Import Text Regions to Text Files

A single text region object label can be added at a character range between start and end using range.


# Import dependencies
from typing import List
from encord import EncordUserClient
from encord.objects import LabelRowV2, Object, ObjectInstance, OntologyStructure
from encord.objects.frames import Range
from encord.objects.coordinates import TextCoordinates


SSH_PATH = "<file-path-to-your-shh-key>"
PROJECT_ID = "<project-unique-id>"

user_client = EncordUserClient.create_with_ssh_private_key(
    ssh_private_key_path=SSH_PATH,
)

# Specify the project
project = user_client.get_project(PROJECT_ID)

# Example mapping of data unit titles to their respective text ranges
data_units_to_update = {
    "<my-text-file-01>": [Range(start=5000, end=5050)],
    "<your-text-file-01>": [Range(start=3000, end=3050), Range(start=14000, end=14050)],
    "<their-text-file-01>": [Range(start=13100, end=13250), Range(start=24100, end=24550)],
}

# Find the ontology object for your Text Region
text_object: Object = project.ontology_structure.get_child_by_title(
    title="<name-of-your-text-region>", type_=Object
)

if text_object is None:
    raise ValueError("Ontology object for 'Text Region' not found.")

# Iterate over each data unit and apply updates
for data_title, text_ranges in data_units_to_update.items():
    # Get the corresponding label row
    label_rows = project.list_label_rows_v2(data_title_eq=data_title)

    if not label_rows:
        print(f"Skipping: No label row found for {data_title}")
        continue

    label_row = label_rows[0]
    label_row.initialise_labels()

    # Add object instances for each text range
    for text_range in text_ranges:
        text_object_instance: ObjectInstance = text_object.create_instance()
        text_object_instance.set_for_frames(
            frames=0,  # Indicates a single data unit (text file)
            coordinates=TextCoordinates(range=[text_range]),
        )
        label_row.add_object_instance(text_object_instance)
        print(f"Added text range {text_range} to {data_title}")

    # Save the label row after adding all instances
    label_row.save()
    print(f"Saved label row for {data_title}")

print("Updates applied to all specified data units!")
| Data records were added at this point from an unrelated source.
(* Let $X$, $\partial X$ be Banach spaces, $A_m:D(A_m)\subseteq X\to X$ a closed linear operator, $L\in\mathcal{L}(X,\partial X)$ surjective, and $A_0\subseteq A_m$ with $D(A_0):=D(A_m)\cap\ker(L)$. For $\lambda\in\rho(A_0)$ let $L^{A_m}_\lambda:=(L|_{\ker(\lambda-A_m)})^{-1}\in\mathcal{L}(\partial X,X)$ (this inverse exists and is bounded). Let $P:D(P)\subseteq X\to X$ be relatively $A_m$-bounded, and let $A_0+P$ have domain $D(A_0)$. Then for every $\lambda\in\rho(A_0)\cap\rho(A_0+P)$ the restriction $L|_{\ker(\lambda-A_m-P)}:\ker(\lambda-A_m-P)\to\partial X$ is bijective, its inverse $L^{A_m+P}_\lambda$ belongs to $\mathcal{L}(\partial X,X)$, and $$L^{A_m+P}_\lambda-L^{A_m}_\lambda=R(\lambda,A_0+P)PL^{A_m}_\lambda=R(\lambda,A_0)PL^{A_m+P}_\lambda.$$
   Context: $P$ relatively $A_m$-bounded means $D(A_m)\subseteq D(P)$ and $\|Pf\|\le a\|A_mf\|+b\|f\|$ for all $f\in D(A_m)$, for some $a,b\ge0$; here $A_m+P$ has domain $D(A_m)$. *)

theory Defs
  imports "HOL-Analysis.Analysis"
begin

text \<open>Complex Banach spaces: real Banach spaces equipped with a compatible
  complex scalar multiplication with norm(c x) = |c| norm(x).\<close>
class cbanach = banach +
  fixes cmult :: "complex \<Rightarrow> 'a \<Rightarrow> 'a"
  assumes cmult_of_real: "cmult (of_real r) x = r *\<^sub>R x"
    and cmult_add_left: "cmult (a + b) x = cmult a x + cmult b x"
    and cmult_add_right: "cmult a (x + y) = cmult a x + cmult a y"
    and cmult_assoc: "cmult a (cmult b x) = cmult (a * b) x"
    and norm_cmult: "norm (cmult a x) = cmod a * norm x"

definition bounded_clin :: "('a::cbanach \<Rightarrow> 'b::cbanach) \<Rightarrow> bool" where
  "bounded_clin T \<longleftrightarrow> bounded_linear T \<and> (\<forall>c x. T (cmult c x) = cmult c (T x))"

definition lin_op :: "'a::cbanach set \<Rightarrow> ('a \<Rightarrow> 'b::cbanach) \<Rightarrow> bool" where
  "lin_op D T \<longleftrightarrow> 0 \<in> D \<and> (\<forall>x\<in>D. \<forall>y\<in>D. x + y \<in> D) \<and> (\<forall>c. \<forall>x\<in>D. cmult c x \<in> D)
     \<and> (\<forall>x\<in>D. \<forall>y\<in>D. T (x + y) = T x + T y) \<and> (\<forall>c. \<forall>x\<in>D. T (cmult c x) = cmult c (T x))"

definition closed_op :: "'a::cbanach set \<Rightarrow> ('a \<Rightarrow> 'a) \<Rightarrow> bool" where
  "closed_op D T \<longleftrightarrow> closed {(x, T x) | x. x \<in> D}"

definition eig_space :: "complex \<Rightarrow> 'a::cbanach set \<Rightarrow> ('a \<Rightarrow> 'a) \<Rightarrow> 'a set" where
  "eig_space lam D T = {x \<in> D. cmult lam x - T x = 0}"

definition resolvent :: "complex \<Rightarrow> 'a::cbanach set \<Rightarrow> ('a \<Rightarrow> 'a) \<Rightarrow> 'a \<Rightarrow> 'a" where
  "resolvent lam D T = inv_into D (\<lambda>x. cmult lam x - T x)"

definition resolvent_set :: "'a::cbanach set \<Rightarrow> ('a \<Rightarrow> 'a) \<Rightarrow> complex set" where
  "resolvent_set D T = {lam. bij_betw (\<lambda>x. cmult lam x - T x) D UNIV
                              \<and> bounded_clin (resolvent lam D T)}"

definition dirichlet_op :: "('a::cbanach \<Rightarrow> 'b::cbanach) \<Rightarrow> 'a set \<Rightarrow> ('a \<Rightarrow> 'a) \<Rightarrow> complex \<Rightarrow> 'b \<Rightarrow> 'a" where
  "dirichlet_op L D T lam = inv_into (eig_space lam D T) L"

definition rel_bounded :: "'a::cbanach set \<Rightarrow> ('a \<Rightarrow> 'a) \<Rightarrow> 'a set \<Rightarrow> ('a \<Rightarrow> 'a) \<Rightarrow> bool" where
  "rel_bounded D T DP P \<longleftrightarrow> D \<subseteq> DP \<and>
     (\<exists>a b. a \<ge> 0 \<and> b \<ge> 0 \<and> (\<forall>f\<in>D. norm (P f) \<le> a * norm (T f) + b * norm f))"

end

theory Submission
  imports Defs
begin

text \<open>Write \<open>L\<^sub>0\<close>, \<open>L\<^sub>P\<close> for the Dirichlet operators of \<open>A\<^sub>m\<close> and \<open>A\<^sub>m + P\<close>. On the
  range of \<open>L\<^sub>0\<close> we have \<open>A\<^sub>m = \<lambda>\<close>, so the relative bound makes \<open>P L\<^sub>0\<close> bounded, and
  \<open>L\<^sub>0 y + R(\<lambda>, A\<^sub>0 + P) P L\<^sub>0 y\<close> is an element of \<open>ker(\<lambda> - A\<^sub>m - P)\<close> with boundary value
  \<open>y\<close>; it is the only one, since two such elements differ by a vector of \<open>D(A\<^sub>0)\<close> annihilated
  by the injective map \<open>\<lambda> - A\<^sub>0 - P\<close>. This gives bijectivity, boundedness and the first
  identity. For the second, \<open>L\<^sub>P y - L\<^sub>0 y\<close> lies in \<open>D(A\<^sub>0)\<close> and is mapped by \<open>\<lambda> - A\<^sub>m\<close>
  to \<open>P L\<^sub>P y\<close>.\<close>

lemma cmult_zero_right: "cmult c (0::'a::cbanach) = 0"
  using cmult_add_right[of c "0::'a" 0] by simp
lemma nonroot_gf_single: "nonroot_gf [S] = 2 * fps_X * Bfps * forest_gf [S]"
proof -
  have "nonroot_gf [S] = fps_X * (forest_gf [] * forest_gf [S] + forest_gf [S] * forest_gf [])"
    by (simp add: nonroot_gf_rec)
  then show ?thesis
    by (simp add: forest_gf_Nil algebra_simps)
qed

lemma forest_gf_single_Node: "forest_gf [Node ts] = Dfps * nonroot_gf ts"
  by (rule eq_Dfps_mult) (metis forest_gf_single_Node_split nonroot_gf_single)

lemma fps_const_sum: "fps_const (\<Sum>i\<in>A. f i) = (\<Sum>i\<in>A. fps_const (f i))"
  by (induction A rule: infinite_finite_induct) (simp_all flip: fps_const_add)

lemma sum_atMost_Suc_Suc_split:
  "(\<Sum>j\<le>Suc (Suc n). f j) = f 0 + (\<Sum>j\<le>n. f (Suc j)) + (f (Suc (Suc n)) :: 'a::comm_monoid_add)"
  unfolding sum.atMost_Suc_shift[of _ "Suc n"] sum.atMost_Suc[of "\<lambda>j. f (Suc j)" n] by (simp add: ac_simps)

lemma forest_gf_catalan_factor:
  "length ts = Suc n \<Longrightarrow>
     forest_gf ts = fps_const (catalan n) * (fps_X * Dfps) ^ n * (\<Prod>S\<leftarrow>ts. forest_gf [S])"
proof (induction n arbitrary: ts rule: less_induct)
  case (less n)
  let ?P = "\<lambda>xs. \<Prod>S\<leftarrow>xs. forest_gf [S]"
  show ?case
  proof (cases n)
    case 0
    then show ?thesis
      using less.prems by (auto simp: length_Suc_conv)
  next
    case (Suc n')
    let ?h = "\<lambda>j. forest_gf (take j ts) * forest_gf (drop j ts)"
    have inner: "?h (Suc j) = fps_const (catalan j * catalan (n' - j)) * (fps_X * Dfps) ^ n' * ?P ts"
      if "j \<le> n'" for j
    proof -
      have "forest_gf (take (Suc j) ts) = fps_const (catalan j) * (fps_X * Dfps) ^ j * ?P (take (Suc j) ts)"
        and "forest_gf (drop (Suc j) ts) =
          fps_const (catalan (n' - j)) * (fps_X * Dfps) ^ (n' - j) * ?P (drop (Suc j) ts)"
        using less.IH[of j "take (Suc j) ts"] less.IH[of "n' - j" "drop (Suc j) ts"] less.prems Suc that
        by simp_all
      moreover have "?P (take (Suc j) ts) * ?P (drop (Suc j) ts) = ?P ts"
        by (simp flip: prod_list.append map_append)
      moreover have "(fps_X * Dfps) ^ j * (fps_X * Dfps) ^ (n' - j) = (fps_X * Dfps) ^ n'"
        using that by (simp flip: power_add)
      ultimately show ?thesis
        by (simp add: mult_ac)
    qed
    have "length ts \<noteq> 1" "ts \<noteq> []"
      using less.prems Suc by auto
    have "forest_gf ts = nonroot_gf ts"
      by (rule forest_gf_eq_nonroot_gf) fact
    also have "\<dots> = fps_X * (\<Sum>j\<le>Suc (Suc n'). ?h j)"
      using less.prems Suc \<open>ts \<noteq> []\<close> by (simp add: nonroot_gf_rec)
    also have "\<dots> = fps_X * (?h 0 + (\<Sum>j\<le>n'. ?h (Suc j)) + ?h (Suc (Suc n')))"
      by (simp only: sum_atMost_Suc_Suc_split)
    also have "(\<Sum>j\<le>n'. ?h (Suc j)) = fps_const (catalan n) * (fps_X * Dfps) ^ n' * ?P ts"
      using Suc by (simp add: inner catalan_Suc_conv fps_const_sum sum_distrib_right)
    also have "?h 0 = Bfps * forest_gf ts"
      by (simp add: forest_gf_Nil)
    also have "?h (Suc (Suc n')) = forest_gf ts * Bfps"
      using less.prems Suc by (simp add: forest_gf_Nil)
    finally have "forest_gf ts =
        fps_X * (fps_const (catalan n) * (fps_X * Dfps) ^ n' * ?P ts) + 2 * fps_X * Bfps * forest_gf ts"
      by (simp add: algebra_simps)
    then have "forest_gf ts = Dfps * (fps_X * (fps_const (catalan n) * (fps_X * Dfps) ^ n' * ?P ts))"
      by (rule eq_Dfps_mult)
    then show ?thesis
      using Suc by (simp add: algebra_simps)
  qed
qed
Import Classifications to Text Files

The example for the Classification uses nested attributes with the Ontology structure as follows:

  • Accurate?
    • Yes
    • No
      • Correction (text field to provide edits for the correction)
create_instance must use range_only=True for text documents. This includes HTML documents.

# Import dependencies
from typing import List
from pathlib import Path
from encord import EncordUserClient, Project
from encord.objects.frames import Range
from encord.objects import LabelRowV2, Classification, Option, OntologyStructure

SSH_PATH = "<file-path-to-ssh-private-key>"
PROJECT_ID = "<project-unique-id>"

# Create user client using ssh key
user_client: EncordUserClient = EncordUserClient.create_with_ssh_private_key(
    Path(SSH_PATH).read_text()
)

# Get project for which predictions are to be added
project: Project = user_client.get_project(PROJECT_ID)

# Specify the data unit to apply classification
label_row = project.list_label_rows_v2(
    data_title_eq="<file-name-for-text-file>.html"
)[0]


# Download the existing labels 
label_row.initialise_labels()

# Get the Ontology structure
ontology_structure: OntologyStructure = label_row.ontology_structure

# Assume that the following radio button classification exists in the Ontology.
radio_ontology_classification: Classification = (
    ontology_structure.get_child_by_title(
        title="<classification-name>", type_=Classification
    )
)

radio_classification_option = radio_ontology_classification.get_child_by_title(
title="<option-name>",
type_=Option
)

# Create classification instance. `range_only=True` is required for HTML documents
radio_classification_instance = radio_ontology_classification.create_instance(range_only=True)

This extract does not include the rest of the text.